In Asia, Cultural Slip-Ups Are Kiss of Red Ink

There is a curious affliction that strikes business travelers in Pacific Rim countries, often without warning and sometimes with undesirable consequences.

It is called "international communications disorder," a term used by international business consultant David James, author of "The Executive Guide to Asia-Pacific Communications: Doing Business Across the Pacific" (Kodansha America, 1995, $16).

Clear, effective, miscommunication-proof interactions are essential to doing business in the region, but they are not necessarily the norm, said James, a lawyer by training and former director of business programs at the East-West Center in Hawaii. The San Francisco-based James, who has worked and traveled in the Asia-Pacific region for two decades, now works as a consultant to companies such as Levi Strauss that want to develop business strategies for the region.

"The main problem people have is the assumption that business is done there in the same way it's done here," James said. "Many companies step on their own feet in the process."

Many of the mishaps stem from cultural differences, but often problems arise from things that seem almost trivial to an American.

For example, it is common in Southeast Asia and China for business people to list their advanced academic degrees on their business cards. Americans, who find that pretentious, should include their degrees on cards for use in those countries, James said. And using red ink to sign something is a cultural taboo, since in some countries, especially Korea, red ink indicates death.

Such cultural nuances abound throughout Asia. Some Asian business people are highly superstitious about certain numbers. The number 4 is considered unlucky in Japan, China and Korea. The number 6 is unlucky in Thailand, whereas 10 and 13 are unlucky in Vietnam. Thus, a business person would want to be careful not to use prominent combinations of numbers that add up to 10 or 13 when trying to communicate in Vietnam, or inadvertently give four of anything to a Japanese counterpart.

In James' opinion, Japan is the toughest country for Americans trying to establish new business relationships.

"The culture is so demanding and the business infrastructure is rather difficult to navigate," he said. "The Japanese market is the hardest to crack."

Companies that succeed in doing business there have an advantage when it comes to expanding into other Asian countries because they have a heightened sensitivity to such cultural differences, James said. On the other hand, a common mistake people make is to assume that every country works the same way.

Formality levels, for example, range from Japan--the highest--to Australia--the lowest. And even formal cultures differ in character.

For example, both Japanese and Korean business cultures are highly formal, James said. "But Koreans by nature are more upfront and tend to be more emotional. They are referred to by some as the 'Irish of Asia.' "

And because the Korean culture emphasizes the individual more than Japanese culture does, an American would want to pay more attention to getting to know a Korean counterpart, asking about his family and education, before moving on to the business at hand.

When in doubt, it is better to be too formal than not formal enough, James said.

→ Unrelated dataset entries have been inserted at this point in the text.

(* Let $d\ge 3$, $n\ge 2$, and let $F$ be an $n$-lattice framework in $\mathbb{R}^d$. If for every $1\le i\le d$ and every $0\le c\le n-1$ the framework $F'_{i,c}$ in $\mathbb{R}^{d-1}$ is infinitesimally rigid, then $F$ is infinitesimally rigid.
   Context: A framework in $\mathbb{R}^d$ is a finite graph whose vertices (joints) are distinct points of $\mathbb{R}^d$ and whose edges (bars) are segments between pairs of joints. An infinitesimal motion of $\mathbb{R}^d$ is a map $f:\mathbb{R}^d\to\mathbb{R}^d$ with $(f(x)-f(y))\cdot(x-y)=0$ for all $x,y$. For a framework $F$ with joint set $X$, an infinitesimal motion of $F$ is a map $g:X\to\mathbb{R}^d$ with $(g(x)-g(y))\cdot(x-y)=0$ for every bar $xy$; $F$ is infinitesimally rigid if every infinitesimal motion of $F$ is the restriction to $X$ of an infinitesimal motion of $\mathbb{R}^d$. An $n$-lattice framework in $\mathbb{R}^d$ is a framework whose joints are the points $(x_1,\ldots,x_d)$ with all $x_i\in\{0,1,\ldots,n-1\}$ (bars arbitrary). For such $F$, $F_{i,c}$ is the subframework induced by all joints whose $i$-th coordinate equals $c$, and $F'_{i,c}$ is the framework in $\mathbb{R}^{d-1}$ obtained from $F_{i,c}$ by deleting the $i$-th coordinate of every joint (keeping the same bars); it is an $n$-lattice framework in $\mathbb{R}^{d-1}$. *)

theory Defs
  imports Complex_Main
begin

text \<open>Points of R^d are represented as functions nat => real that vanish at
  all coordinates >= d (coordinates are indexed 0..d-1).\<close>

definition rvec :: "nat \<Rightarrow> (nat \<Rightarrow> real) set" where
  "rvec d = {x. \<forall>i\<ge>d. x i = 0}"

definition ip :: "nat \<Rightarrow> (nat \<Rightarrow> real) \<Rightarrow> (nat \<Rightarrow> real) \<Rightarrow> real" where
  "ip d x y = (\<Sum>i<d. x i * y i)"

definition space_motion :: "nat \<Rightarrow> ((nat \<Rightarrow> real) \<Rightarrow> (nat \<Rightarrow> real)) \<Rightarrow> bool" where
  "space_motion d f \<longleftrightarrow>
     (\<forall>x\<in>rvec d. f x \<in> rvec d) \<and>
     (\<forall>x\<in>rvec d. \<forall>y\<in>rvec d. ip d (f x - f y) (x - y) = 0)"
(* Let $X$ be a metric space, $\mathscr{F}\in\mathrm{IFS}_k(X)$, and let $B\subset X$ be an open set with $X=\overline{\mathcal{O}^+_{\mathscr{F}}(B)}=\mathcal{O}^-_{\mathscr{F}}(B)$. Suppose there are maps $\{h_i\}_{i\geq1}\subset\langle\mathscr{F}\rangle^+$ such that $B\subset\bigcup_{i=1}^\infty h_i(B)$ and $\lim_{n\to\infty}\mathrm{diam}(h_{i_1}\circ\dots\circ h_{i_n}(B))=0$ for every sequence $(i_n)_{n\geq1}$ of positive integers with $h_{i_1}\circ\dots\circ h_{i_n}(B)\cap B\neq\emptyset$ for all $n$. Then $\mathscr{F}$ is minimal.
   Context: $\mathrm{IFS}_k(X)$ is the set of families of $k$ locally Lipschitz homeomorphisms of $X$ (up to reordering). $\langle\mathscr{F}\rangle^+$ is the semigroup of finite compositions of elements of $\mathscr{F}$. $\mathcal{O}^+_{\mathscr{F}}(A)=\{h(x):h\in\langle\mathscr{F}\rangle^+,x\in A\}$, $\mathcal{O}^-_{\mathscr{F}}(A)=\{h^{-1}(x):h\in\langle\mathscr{F}\rangle^+,x\in A\}$. $\mathscr{F}$ is minimal if $\mathcal{O}^+_{\mathscr{F}}(\{x\})$ is dense for every $x\in X$. *)

theory Defs
  imports "HOL-Analysis.Analysis"
begin

text \<open>The metric space X is the whole carrier of a type of class metric_space.\<close>

definition loc_lipschitz :: "('a::metric_space \<Rightarrow> 'b::metric_space) \<Rightarrow> bool" where
  "loc_lipschitz f \<longleftrightarrow> (\<forall>x. \<exists>e>0. \<exists>L. L-lipschitz_on (ball x e) f)"

definition loc_lip_homeo :: "('a::metric_space \<Rightarrow> 'a) \<Rightarrow> bool" where
  "loc_lip_homeo f \<longleftrightarrow> (\<exists>g. homeomorphism UNIV UNIV f g) \<and> loc_lipschitz f"

text \<open>IFS_k(X): families of k locally Lipschitz homeomorphisms, given as a list
  (the order is irrelevant for everything below).\<close>
definition IFS :: "nat \<Rightarrow> ('a::metric_space \<Rightarrow> 'a) list set" where
  "IFS k = {fs. length fs = k \<and> (\<forall>f\<in>set fs. loc_lip_homeo f)}"

inductive_set semigrp :: "('a \<Rightarrow> 'a) list \<Rightarrow> ('a \<Rightarrow> 'a) set" for fs where
  gen: "f \<in> set fs \<Longrightarrow> f \<in> semigrp fs"
| comp: "f \<in> set fs \<Longrightarrow> h \<in> semigrp fs \<Longrightarrow> f \<circ> h \<in> semigrp fs"

definition orbit_plus :: "('a \<Rightarrow> 'a) list \<Rightarrow> 'a set \<Rightarrow> 'a set" where
  "orbit_plus fs A = {h x | h x. h \<in> semigrp fs \<and> x \<in> A}"

definition orbit_minus :: "('a \<Rightarrow> 'a) list \<Rightarrow> 'a set \<Rightarrow> 'a set" where
  "orbit_minus fs A = {inv h x | h x. h \<in> semigrp fs \<and> x \<in> A}"

definition minimal_IFS :: "('a::topological_space \<Rightarrow> 'a) list \<Rightarrow> bool" where
  "minimal_IFS fs \<longleftrightarrow> (\<forall>x. closure (orbit_plus fs {x}) = UNIV)"

text \<open>compseq hs s n = hs (s 0) \<circ> hs (s 1) \<circ> ... \<circ> hs (s (n-1)).\<close>
primrec compseq :: "(nat \<Rightarrow> 'a \<Rightarrow> 'a) \<Rightarrow> (nat \<Rightarrow> nat) \<Rightarrow> nat \<Rightarrow> 'a \<Rightarrow> 'a" where
  "compseq hs s 0 = id"
| "compseq hs s (Suc n) = compseq hs s n \<circ> hs (s n)"

end

theory Submission
  imports Defs
begin

text \<open>Every point x has some point b = h x of B in its forward orbit. A point z of B lies in
  the image h_{i_1} \<circ> \<dots> \<circ> h_{i_n} (B) for a suitable itinerary (i_n), obtained by pulling z
  back through B step by step; these images shrink, so their points h_{i_1} \<circ> \<dots> \<circ> h_{i_n} (b),
  which lie in the forward orbit of x, converge to z. Hence B lies in the orbit closure of x,
  and this closure is forward invariant, so it contains the closure of the orbit of B,
  which is X.\<close>

lemma semigrp_comp:
  assumes "g \<in> semigrp fs" "h \<in> semigrp fs"
  shows "g \<circ> h \<in> semigrp fs"
  using assms(1)
proof induction
  case (gen f)
  then show ?case using assms(2) by (rule semigrp.comp)
next
  case (comp f g)
  then show ?case by (metis comp_assoc semigrp.comp)
qed

lemma semigrp_induct_comp:
  assumes "h \<in> semigrp fs" "\<And>f. f \<in> set fs \<Longrightarrow> P f"
    and "\<And>f g. P f \<Longrightarrow> P g \<Longrightarrow> P (f \<circ> g)"
  shows "P h"
  using assms(1) by induction (metis assms(2,3))+

lemma semigrp_continuous:
  assumes "\<forall>f\<in>set fs. continuous_on UNIV f" "h \<in> semigrp fs"
  shows "continuous_on UNIV h"
  using assms(2) by (rule semigrp_induct_comp)
    (use assms(1) in \<open>auto intro: continuous_on_compose2\<close>)

lemma semigrp_surj:
  assumes "\<forall>f\<in>set fs. surj f" "h \<in> semigrp fs"
  shows "surj h"
  using assms(2) by (rule semigrp_induct_comp) (use assms(1) comp_surj in blast)+

lemma IFS_continuous_surj:
  assumes "fs \<in> IFS k" "f \<in> set fs"
  shows "continuous_on UNIV f" "surj f"
  using assms unfolding IFS_def loc_lip_homeo_def homeomorphism_def by auto

lemma compseq_in_semigrp:
  assumes "\<forall>i. hs i \<in> semigrp fs" "n \<ge> 1"
  shows "compseq hs s n \<in> semigrp fs"
  using assms(2)
proof (induction n rule: dec_induct)
  case base
  then show ?case using assms(1) by simp
next
  case (step n)
  then show ?case
    unfolding compseq.simps using assms(1) by (blast intro: semigrp_comp)
qed

lemma semigrp_image_orbit_plus:
  assumes "g \<in> semigrp fs"
  shows "g ` orbit_plus fs A \<subseteq> orbit_plus fs A"
proof (rule image_subsetI)
  fix y assume "y \<in> orbit_plus fs A"
  then obtain h a where "h \<in> semigrp fs" "a \<in> A" "y = h a"
    unfolding orbit_plus_def by blast
  then show "g y \<in> orbit_plus fs A"
    unfolding orbit_plus_def using semigrp_comp[OF assms]
    by (intro CollectI exI[of _ "g \<circ> h"] exI[of _ a]) simp
qed

lemma semigrp_image_closure_orbit_plus:
  assumes "\<forall>f\<in>set fs. continuous_on UNIV f" "g \<in> semigrp fs"
  shows "g ` closure (orbit_plus fs A) \<subseteq> closure (orbit_plus fs A)"
  using semigrp_continuous[OF assms] semigrp_image_orbit_plus[OF assms(2)]
  by (intro image_closure_subset) (auto intro: continuous_on_subset closure_subset[THEN subsetD])

lemma closure_orbit_plus_UNIV:
  assumes "\<forall>f\<in>set fs. continuous_on UNIV f" "closure (orbit_plus fs B) = UNIV"
    and "B \<subseteq> closure (orbit_plus fs A)"
  shows "closure (orbit_plus fs A) = UNIV"
proof -
  have "orbit_plus fs B \<subseteq> closure (orbit_plus fs A)"
    using assms(3) semigrp_image_closure_orbit_plus[OF assms(1)]
    unfolding orbit_plus_def by blast
  then show ?thesis using assms(2) closure_minimal by blast
qed

lemma backward_itinerary:
  assumes "B \<subseteq> (\<Union>i. hs i ` B)" "z \<in> B"
  obtains s where "\<forall>n. z \<in> compseq hs s n ` B"
proof -
  have "\<forall>w\<in>B. \<exists>iv. snd iv \<in> B \<and> hs (fst iv) (snd iv) = w"
    using assms(1) by fastforce
  then obtain G where G: "\<forall>w\<in>B. snd (G w) \<in> B \<and> hs (fst (G w)) (snd (G w)) = w"
    by (rule bchoice[elim_format]) blast
  define p where "p = rec_nat z (\<lambda>_ w. snd (G w))"
  define s where "s = (\<lambda>n. fst (G (p n)))"
  have p0: "p 0 = z" and pS: "\<And>n. p (Suc n) = snd (G (p n))"
    unfolding p_def by auto
  have pB: "p n \<in> B" for n
    by (induction n) (use assms(2) p0 pS G in auto)
  have "compseq hs s n (p n) = z" for n
    by (induction n) (use p0 pS G pB in \<open>auto simp: s_def\<close>)
  then have "\<forall>n. z \<in> compseq hs s n ` B"
    using pB by (metis image_eqI)
  then show thesis by (rule that)
qed

lemma tendsto_of_diameter_image:
  fixes f :: "nat \<Rightarrow> 'a \<Rightarrow> 'b::metric_space"
  assumes "\<forall>n. z \<in> f n ` B" "b \<in> B"
    and "\<forall>\<^sub>F n in sequentially. bounded (f n ` B)"
    and "(\<lambda>n. diameter (f n ` B)) \<longlonglongrightarrow> 0"
  shows "(\<lambda>n. f n b) \<longlonglongrightarrow> z"
proof -
  have "norm (dist (f n b) z) \<le> diameter (f n ` B)" if "bounded (f n ` B)" for n
    using diameter_bounded_bound[OF that imageI[OF assms(2)] assms(1)[rule_format]] by simp
  with assms(3) have "\<forall>\<^sub>F n in sequentially. norm (dist (f n b) z) \<le> diameter (f n ` B)"
    by (rule eventually_mono)
  then have "(\<lambda>n. dist (f n b) z) \<longlonglongrightarrow> 0"
    using assms(4) by (rule Lim_null_comparison)
  then show ?thesis
    by (rule tendsto_dist_iff[THEN iffD2])
qed

lemma shrinking_cover_subset_closure_orbit_plus:
  assumes "\<forall>i. hs i \<in> semigrp fs" "B \<subseteq> (\<Union>i. hs i ` B)"
    and "\<forall>s. (\<forall>n\<ge>1. compseq hs s n ` B \<inter> B \<noteq> {}) \<longrightarrow>
            ((\<forall>\<^sub>F n in sequentially. bounded (compseq hs s n ` B)) \<and>
             (\<lambda>n. diameter (compseq hs s n ` B)) \<longlonglongrightarrow> 0)"
    and "h \<in> semigrp fs" "h x \<in> B"
  shows "B \<subseteq> closure (orbit_plus fs {x})"
proof
  fix z assume "z \<in> B"
  then obtain s where s: "\<forall>n. z \<in> compseq hs s n ` B"
    using backward_itinerary[OF assms(2)] by blast
  then have "\<forall>n\<ge>1. compseq hs s n ` B \<inter> B \<noteq> {}"
    using \<open>z \<in> B\<close> by blast
  with assms(3) obtain bdd: "\<forall>\<^sub>F n in sequentially. bounded (compseq hs s n ` B)"
    and shrink: "(\<lambda>n. diameter (compseq hs s n ` B)) \<longlonglongrightarrow> 0"
    by blast
  have lim: "(\<lambda>n. compseq hs s n (h x)) \<longlonglongrightarrow> z"
    using s assms(5) bdd shrink by (rule tendsto_of_diameter_image)
  have "\<forall>\<^sub>F n in sequentially. compseq hs s n (h x) \<in> closure (orbit_plus fs {x})"
    using eventually_ge_at_top[of 1]
  proof eventually_elim
    case (elim n)
    have "compseq hs s n \<circ> h \<in> semigrp fs"
      using semigrp_comp[OF compseq_in_semigrp[OF assms(1) elim] assms(4)] .
    then have "compseq hs s n (h x) \<in> orbit_plus fs {x}"
      unfolding orbit_plus_def by (intro CollectI exI[of _ "compseq hs s n \<circ> h"] exI[of _ x]) simp
    then show ?case using closure_subset by blast
  qed
  from Lim_in_closed_set[OF closed_closure this trivial_limit_sequentially lim]
  show "z \<in> closure (orbit_plus fs {x})" .
qed

theorem mainTheorem13:
  fixes fs :: "('a::metric_space \<Rightarrow> 'a) list" and k :: nat
    and B :: "'a set" and hs :: "nat \<Rightarrow> 'a \<Rightarrow> 'a"
  assumes "fs \<in> IFS k"
    and "open B"
    and "closure (orbit_plus fs B) = UNIV"
    and "orbit_minus fs B = UNIV"
    and "\<forall>i. hs i \<in> semigrp fs"
    and "B \<subseteq> (\<Union>i. hs i ` B)"
    and "\<forall>s. (\<forall>n\<ge>1. compseq hs s n ` B \<inter> B \<noteq> {}) \<longrightarrow>
            ((\<forall>\<^sub>F n in sequentially. bounded (compseq hs s n ` B)) \<and>
             (\<lambda>n. diameter (compseq hs s n ` B)) \<longlonglongrightarrow> 0)"
  shows "minimal_IFS fs"
  unfolding minimal_IFS_def
proof
  fix x :: 'a
  have cont: "\<forall>f\<in>set fs. continuous_on UNIV f" and onto: "\<forall>f\<in>set fs. surj f"
    using IFS_continuous_surj[OF assms(1)] by auto
  obtain h b where h: "h \<in> semigrp fs" and "b \<in> B" and "x = inv h b"
    using assms(4) unfolding orbit_minus_def by blast
  then have "h x \<in> B" using semigrp_surj[OF onto h] by (simp add: surj_f_inv_f)
  with assms(5-7) h have "B \<subseteq> closure (orbit_plus fs {x})"
    by (rule shrinking_cover_subset_closure_orbit_plus)
  then show "closure (orbit_plus fs {x}) = UNIV"
    by (rule closure_orbit_plus_UNIV[OF cont assms(3)])
qed

end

He recalled an American colleague who had done business in Asia for many years and who was being introduced by a longtime Asian acquaintance to a potential business partner. The Asian man introduced the American by extolling his integrity, but qualified his remarks by saying he had known him "only seven years," said James, who uses the example to indicate how seriously Asian business people take their business contacts.

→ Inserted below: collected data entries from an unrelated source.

lemma congB_state_sum_le:
  "(\<Sum>\<gamma>\<in>{\<gamma>\<in>allpaths P P'. z \<in> set \<gamma>}. real (plen \<gamma>) * f \<gamma>) \<le> mu z * congB P mu P' f"
proof -
  have "congB_state P mu P' f z \<le> congB P mu P' f"
    unfolding congB_def by (rule Max_ge) auto
  then show ?thesis
    using mu_pos[of z] by (simp add: congB_state_def divide_le_eq mult.commute)
qed

lemma congB_nonneg: "0 \<le> congB P mu P' f"
proof -
  have "0 \<le> congB_state P mu P' f z" for z
    using mu_pos[of z] flow_nonneg by (auto simp: congB_state_def intro!: divide_nonneg_pos sum_nonneg)
  moreover have "congB_state P mu P' f z \<le> congB P mu P' f" for z
    unfolding congB_def by (rule Max_ge) auto
  ultimately show ?thesis
    by (meson order_trans)
qed

lemma sum_allpaths_subdiv_loop_erase:
  assumes "\<gamma> \<in> allpaths P P'"
  shows "(\<Sum>t\<in>allpaths P P'. subdiv_prob (midpoint_dist P mu) (loop_erase \<gamma>) t * (g t * real (plen t)))
    = 2 * real (plen (loop_erase \<gamma>))
      * (\<Sum>t | length t = 2 * length (loop_erase \<gamma>) - 1. subdiv_prob (midpoint_dist P mu) (loop_erase \<gamma>) t * g t)"
proof -
  define h where "h = loop_erase \<gamma>"
  define W where "W = subdiv_prob (midpoint_dist P mu) h"
  have "h \<noteq> []"
    using assms by (auto simp: h_def allpaths_def paths_def)
  then have plen: "plen t = 2 * plen h" if "length t = 2 * length h - 1" for t :: "'a list"
    using that by (cases h) (simp_all add: plen_def)
  have "(\<Sum>t\<in>allpaths P P'. W t * (g t * real (plen t)))
      = (\<Sum>t | length t = 2 * length h - 1. W t * (g t * real (plen t)))"
    using subdiv_loop_erase_in_paths(2)[OF assms] subdiv_prob_nonzeroD
    by (intro sum.mono_neutral_cong) (auto simp: W_def h_def finite_allpaths)
  also have "\<dots> = (\<Sum>t | length t = 2 * length h - 1. 2 * real (plen h) * (W t * g t))"
    by (intro sum.cong) (auto simp: plen)
  finally show ?thesis
    by (simp add: W_def h_def sum_distrib_left)
qed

Having personal introductions is extremely important to doing business in the region, he said. Americans interested in getting started should canvass their friends and colleagues here to find any who have business acquaintances in the Asian country who could write a letter of introduction. Cold calling, or failing to address an Asian executive by proper name and title, is a guaranteed way to screw up, James said.

The next best approach to having a personal acquaintance in an Asian company is to contact the trade representatives of the country in which you're interested in doing business, he said. They can help you with introductions.

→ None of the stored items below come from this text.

lemma near_kkt_first_active:
  assumes w: "0 \<le> w" and D: "1 \<le> D" and cone: "cone_bounded D p1 p2"
    and dom: "p1 + 2*p2 \<ge> -w" "2*p1 + p2 \<ge> -w"
  shows "near_kkt p1 p2 ((4/3)*p1 + (2/3)*p2) ((2/3)*p1 + (1/3)*p2) ((2/3)*p1 + (4/3)*p2) 0
    (100 * (D * w))"
proof -
  define W where "W = D * w"
  have "w \<le> W" using mult_right_mono[OF D w] by (simp add: W_def)
  consider "p1 + 2*p2 \<ge> 0" "2*p1 + p2 \<ge> 0" | "2*p1 + p2 < 0" "-2*p1 + p2 \<ge> 0"
    | "p1 + 2*p2 < 0 \<or> 2*p1 + p2 < 0 \<and> -2*p1 + p2 < 0"
    by linarith
  then show ?thesis
  proof cases
    case 1
    then show ?thesis using w D by (intro near_kkt_self kkt_first_active) auto
  next
    case 2
    have "kkt p1 p2 0 0 (-p1 + (1/2)*p2) (-p1 - (1/2)*p2)"
      using 2 by (intro kkt_both_active) auto
    then show ?thesis
      unfolding W_def[symmetric]
      by (rule near_kktI) (use 2 dom \<open>w \<le> W\<close> in \<open>simp add: abs_real_def; linarith\<close>)
  next
    case 3
    have "p1 \<le> 2 * W"
    proof (cases "p1 > 0 \<and> p1 + 2*p2 < 0")
      case True
      with dom D show ?thesis unfolding W_def by (intro cone_bounded_le[OF cone]) auto
    qed (use 3 dom w \<open>w \<le> W\<close> in linarith)
    with 3 dom \<open>w \<le> W\<close> show ?thesis
      unfolding W_def[symmetric] by (intro near_kkt_small) (simp add: abs_real_def; linarith)+
  qed
qed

Another problem area is negotiating. "A deal that could take a week to put together in the United States could take as much as a month to finalize in Asia," James said.

Language is still the biggest culprit in communications disorders, even when the language is English. Americans can't assume that just because their Asian business partners speak English that communication will go smoothly, James said. It's still important to write clearly, use short, clear sentences and avoid jargon. When speaking, go slowly and enunciate. Also, resist the temptation to throw in humor, a practice that is second nature to many Americans but can get them into trouble overseas.

And be sensitive to cultural identity issues. When in Australia, avoid making references to how "British" their tastes are. When in Japan, don't make references to World War II.

Sometimes it pays to use an interpreter, even if everyone speaks English, just to make sure there are no misunderstandings, James said. But even this is not foolproof. In his book, for example, he cites a case in which an American sent a telex to a Japanese colleague, saying, "We wonder if you would prepare an agenda for our meeting." At the other end, the word wonder was translated into the Japanese for "doubt." The recipient was insulted and the meeting canceled.

Communications disorders are preventable, James said. But it requires diligence, preparation and patience. All the high-tech communications tools in the world can't replace the need for clear messages.

"International communications disorder is a serious business problem in a world that is now a global marketplace," James writes in his book, adding that it "amounts to lost business."